Lab for Neural Circuits and Olfactory Perception
One of the major goals of neuroscience research is to understand how neural circuits encode information and support behavior, learning and memory. To answer this question requires us to relate neural activity to perception. Using the olfactory system of the fruit fly, Drosophila melanogaster, and a multidisciplinary approach which includes in vivo electrophysiology and functional imaging, optogenetics, thermogenetics and behavior experiments, we probe the neuronal codes underlying olfaction, manipulate them and examine the effects these manipulations have on behavior. In addition, we use the same techniques to understand the molecular basis of brain disorders and its effects on neural circuits’ connectivity and activity.
Neural temporal codes have come to dominate our way of thinking on how information is coded in the brain. When precise spike timing is found to carry information, the neural code is defined as a temporal code. In spite of the importance of temporal codes, whether behaving animals actually use this type of coding is still an unresolved question. To date studying temporal codes was technically impossible due to the inability to manipulate spike timing in behaving animals. However, very recent developments in optogenetics solved this problem. Despite these modern tools, this key question is very difficult to resolve in mammals, because the meaning of manipulating a part of a neural circuit without knowledge of the neural activity of all the neurons involved in the coding is unclear.
The fly is an ideal model system to study temporal codes because its small number of neurons allows for complete mapping of the neural activity of all the neurons involved. Since temporal codes are suggested to be involved in olfactory intensity coding, we study this process. For this we device a multidisciplinary approach of electrophysiology, functional imaging and behavior.

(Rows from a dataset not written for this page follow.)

(* Let $S$ be a finite-dimensional quantum system and $\Phi$ any CPTP map on $S$ with trace-dual $\Phi^\dagger$. Let $H_0,H_\tau$ be Hermitian operators on $S$, $\beta>0$, and for $t\in\{0,\tau\}$ let $F_t=-\beta^{-1}\ln\operatorname{Tr}e^{-\beta H_t}$, $\Gamma_t=\exp[\beta(F_t-H_t)]$, $\Delta F=F_\tau-F_0$. Assume the initial state is $\rho_0=\Gamma_0$ and let $\Delta E=\operatorname{Tr}[\Phi(\Gamma_0)H_\tau]-\operatorname{Tr}[\Gamma_0H_0]$. Let $\gamma:=\Phi^\dagger(\Gamma_\tau)/\operatorname{Tr}[\Phi^\dagger(\Gamma_\tau)]$. Then $$\beta(\Delta E-\Delta F)\ \ge\ \frac{8}{\pi^2}\mathcal{L}^2(\Gamma_0,\gamma)-\ln\operatorname{Tr}[\Phi^\dagger(\Gamma_\tau)].$$
   Context: The trace-dual $\Phi^\dagger$ satisfies $\operatorname{Tr}[\Phi(X)Y]=\operatorname{Tr}[X\Phi^\dagger(Y)]$ for all $X,Y$. For density matrices $\rho_1,\rho_2$, the fidelity is $\mathsf F(\rho_1,\rho_2)=\|\sqrt{\rho_1}\sqrt{\rho_2}\|_1$ (trace norm) and the Bures angle is $\mathcal L(\rho_1,\rho_2)=\arccos\mathsf F(\rho_1,\rho_2)$. *)

theory Defs
  imports Complex_Main "Jordan_Normal_Form.Matrix"
begin

definition cadj :: "complex mat \<Rightarrow> complex mat" where
  "cadj A = mat (dim_col A) (dim_row A) (\<lambda>(i,j). cnj (A $$ (j,i)))"

definition hermitian :: "nat \<Rightarrow> complex mat \<Rightarrow> bool" where
  "hermitian n A \<longleftrightarrow> A \<in> carrier_mat n n \<and> cadj A = A"

definition psd :: "nat \<Rightarrow> complex mat \<Rightarrow> bool" where
  "psd n A \<longleftrightarrow> hermitian n A \<and>
     (\<forall>v \<in> carrier_vec n. 0 \<le> Re (\<Sum>i<n. cnj (v $ i) * (A *\<^sub>v v) $ i))"


definition trace :: "complex mat \<Rightarrow> complex" where
  "trace A = (\<Sum>i<dim_row A. A $$ (i,i))"

definition mat_exp :: "complex mat \<Rightarrow> complex mat" where
  "mat_exp A = mat (dim_row A) (dim_col A)
     (\<lambda>(i,j). \<Sum>k. (A ^\<^sub>m k) $$ (i,j) / of_nat (fact k))"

Neuromodulation by the principal excitatory neurotransmitter is still not fully understood. In mammals where the principal neurotransmitter is glutamate one of the reasons for this is the large variety of glutamatergic receptors. In Drosophila the principal neurotransmitter is acetylcholine which mediates neuromodulation via muscarinic receptors. There are only three Drosophila muscarinic receptors. Drosophila muscarinic type A (mAChR-A) receptor is homologous to the mammalian M1 receptor and is Gq coupled. Drosophila muscarinic type B (mAChR-B) receptor is homologous to M2R and is Gi/o coupled. The third Drosophila muscarinic type C receptor is Gq coupled, but it is not expressed in the brain. Surprisingly, very little is known about the roles of Drosophila muscarinic receptors. The Drosophila olfactory system has high expression levels of both mAChR-A and mAChR-B. In particular the antennal lobe (the first relay of olfactory processing) and the mushroom body (where olfactory learning and memory occurs). We have recently found that mAChR-A is involved in neural plasticity in both antennal lobe and mushroom body. However, the roles of mAChR-B in the Drosophila olfactory system are totally unknown.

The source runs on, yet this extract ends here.